**PROBLEM DESCRIPTION**
Find every line in the records below that holds the word "cvec" and copy it.

**DATA SHOWN**
lemma card_split_by_meeting: "card M \<le> card {e \<in> M. e \<inter> X \<noteq> {}} + card {e \<in> M. e \<inter> X = {}}"
proof -
  have "card M = card ({e \<in> M. e \<inter> X \<noteq> {}} \<union> {e \<in> M. e \<inter> X = {}})"
    by (rule arg_cong[where f = card]) blast
  then show ?thesis
    using card_Un_le[of "{e \<in> M. e \<inter> X \<noteq> {}}" "{e \<in> M. e \<inter> X = {}}"] by linarith
qed

lemma card_le_twice_forcing_set:
  assumes M0: "perfect_matching V E M0" "pairwise_alternating E M0" and S: "forcing_set V E M S"
  shows "card M0 \<le> 2 * card S + 1"
proof -
  interpret M0: graph_matching V E M0
    using simple M0(1) by unfold_locales
  have "S \<subseteq> M"
    using S unfolding forcing_set_def by blast
  then have "\<Union>S \<subseteq> V"
    using Union_M by blast
  then have "finite (\<Union>S)"
    using finite_V finite_subset by blast
  have "card (\<Union>S) = 2 * card S"
    using card_Union_matching[OF \<open>S \<subseteq> M\<close>] .
  then show ?thesis
    using M0.card_split_by_meeting[of "\<Union>S"] M0.card_edges_meeting_le[OF \<open>finite (\<Union>S)\<close>]
      card_uncovered_edges_le_one[OF M0 S] by linarith
qed

lemma card_forcing_set_ge_card_minus_one:
  assumes "pairwise_alternating E M" and S: "forcing_set V E M S"
  shows "card M - 1 \<le> card S"
proof -
  have "S \<subseteq> M"
    using S unfolding forcing_set_def by blast
  have "{e \<in> M. e \<inter> \<Union>S \<noteq> {}} = S"
  proof (intro equalityI subsetI)
    fix e assume "e \<in> {e \<in> M. e \<inter> \<Union>S \<noteq> {}}"
    then obtain v s where "e \<in> M" "v \<in> e" "s \<in> S" "v \<in> s"
      by blast
    then show "e \<in> S"
      using matching_edge_unique[of e s v] \<open>S \<subseteq> M\<close> by auto
  next
    fix s assume "s \<in> S"
    then have "s \<in> M" "s \<noteq> {}"
      using \<open>S \<subseteq> M\<close> card_matching_edge by force+
    then show "s \<in> {e \<in> M. e \<inter> \<Union>S \<noteq> {}}"
      using \<open>s \<in> S\<close> by blast
  qed
  then show ?thesis
    using card_split_by_meeting[of "\<Union>S"] card_uncovered_edges_le_one[OF perfect assms] by simp
qed
(* Let $n\ge1$. There are constants $C>0$ and $\delta_0>0$ depending only on $n$ such that for every $0<\delta<\delta_0$: (a) a complex symmetric $n\times n$ matrix $B$ lies in $M_\delta^+$ if and only if $\langle Bx,x\rangle\in N_\delta^+$ for every nonzero $x\in\mathbb R^n$; (b) if $h\in E_\delta$ and $0\ne x\in\mathbb R^n$, then $h^Tx\in V_{C\delta}$; (c) if $z\in V_\delta$, $z\ne0$, then $\langle z,z\rangle\in N_{C\delta}^+$; (d) if $h\in E_\delta$, then $hh^T\in M_{C\delta}^+$; (e) if $A\in M_\delta$ and $|B-I|<\delta$, then $AB\in M_{C\delta}$ and $BA\in M_{C\delta}$; (f) if $A\in M_\delta$ and $B\in SO(n,\mathbb R)$, then $AB\in M_{C\delta}$ and $BA\in M_{C\delta}$.
   Context: $\langle u,v\rangle=\sum_j u_jv_j$ (bilinear). $|\cdot|$ is the Euclidean norm on vectors and the operator norm on matrices. Writing $z=x+iy$ with $x,y$ real: $N_\delta^+=\{z\in\mathbb C:|y|<\delta x\}$; $V_\delta=\{z\in\mathbb C^n:|y|<\delta|x|\}$; $M_\delta=\{z\in{\rm Mat}(n,\mathbb C):|y|<\delta|x|\}$; $M_\delta^+=\{z\in{\rm Mat}(n,\mathbb C): z^T=z,\ \delta x+y \text{ and } \delta x-y \text{ positive definite}\}$. $E_\delta=\{gp: g\in{\rm Mat}(n,\mathbb R),\ \det g>0,\ p\in GL(n,\mathbb C),\ |p-I|<\delta\}$. The paper's convention is that writing "$w\in V_\delta$" in a conclusion means $w\in V_\epsilon$ with $\epsilon=O(\delta)$; this has been made explicit via the constant $C$. *)

theory Defs
  imports "HOL-Analysis.Analysis"
begin

definition Rev :: "complex^'n \<Rightarrow> real^'n" where
  "Rev z = (\<chi> i. Re (z $ i))"

definition Imv :: "complex^'n \<Rightarrow> real^'n" where
  "Imv z = (\<chi> i. Im (z $ i))"

definition Rem :: "complex^'n^'m \<Rightarrow> real^'n^'m" where
  "Rem z = (\<chi> i j. Re (z $ i $ j))"

definition Imm :: "complex^'n^'m \<Rightarrow> real^'n^'m" where
  "Imm z = (\<chi> i j. Im (z $ i $ j))"

definition cvec :: "real^'n \<Rightarrow> complex^'n" where
  "cvec x = (\<chi> i. complex_of_real (x $ i))"

definition cmat :: "real^'n^'m \<Rightarrow> complex^'n^'m" where
  "cmat g = (\<chi> i j. complex_of_real (g $ i $ j))"

definition opnorm :: "'a::real_normed_field^'n^'m \<Rightarrow> real" where
  "opnorm A = onorm (\<lambda>v. A *v v)"

definition bil :: "complex^'n \<Rightarrow> complex^'n \<Rightarrow> complex" where
  "bil u v = (\<Sum>j\<in>UNIV. u $ j * v $ j)"

definition pos_def :: "real^'n^'n \<Rightarrow> bool" where
  "pos_def A \<longleftrightarrow> (\<forall>v. v \<noteq> 0 \<longrightarrow> v \<bullet> (A *v v) > 0)"

definition Nplus :: "real \<Rightarrow> complex set" where
  "Nplus \<delta> = {z. \<bar>Im z\<bar> < \<delta> * Re z}"

definition Vd :: "real \<Rightarrow> (complex^'n) set" where
  "Vd \<delta> = {z. norm (Imv z) < \<delta> * norm (Rev z)}"

definition Md :: "real \<Rightarrow> (complex^'n^'n) set" where
  "Md \<delta> = {z. opnorm (Imm z) < \<delta> * opnorm (Rem z)}"

definition Mplus :: "real \<Rightarrow> (complex^'n^'n) set" where
  "Mplus \<delta> = {z. transpose z = z \<and> pos_def (\<delta> *\<^sub>R Rem z + Imm z)
                             \<and> pos_def (\<delta> *\<^sub>R Rem z - Imm z)}"

definition Ed :: "real \<Rightarrow> (complex^'n^'n) set" where
  "Ed \<delta> = {cmat g ** p | g p. det g > 0 \<and> invertible p \<and> opnorm (p - mat 1) < \<delta>}"

end

theory Submission
  imports Defs
begin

**TASK SOLUTION**
definition cvec :: "real^'n \<Rightarrow> complex^'n" where
  "cvec x = (\<chi> i. complex_of_real (x $ i))"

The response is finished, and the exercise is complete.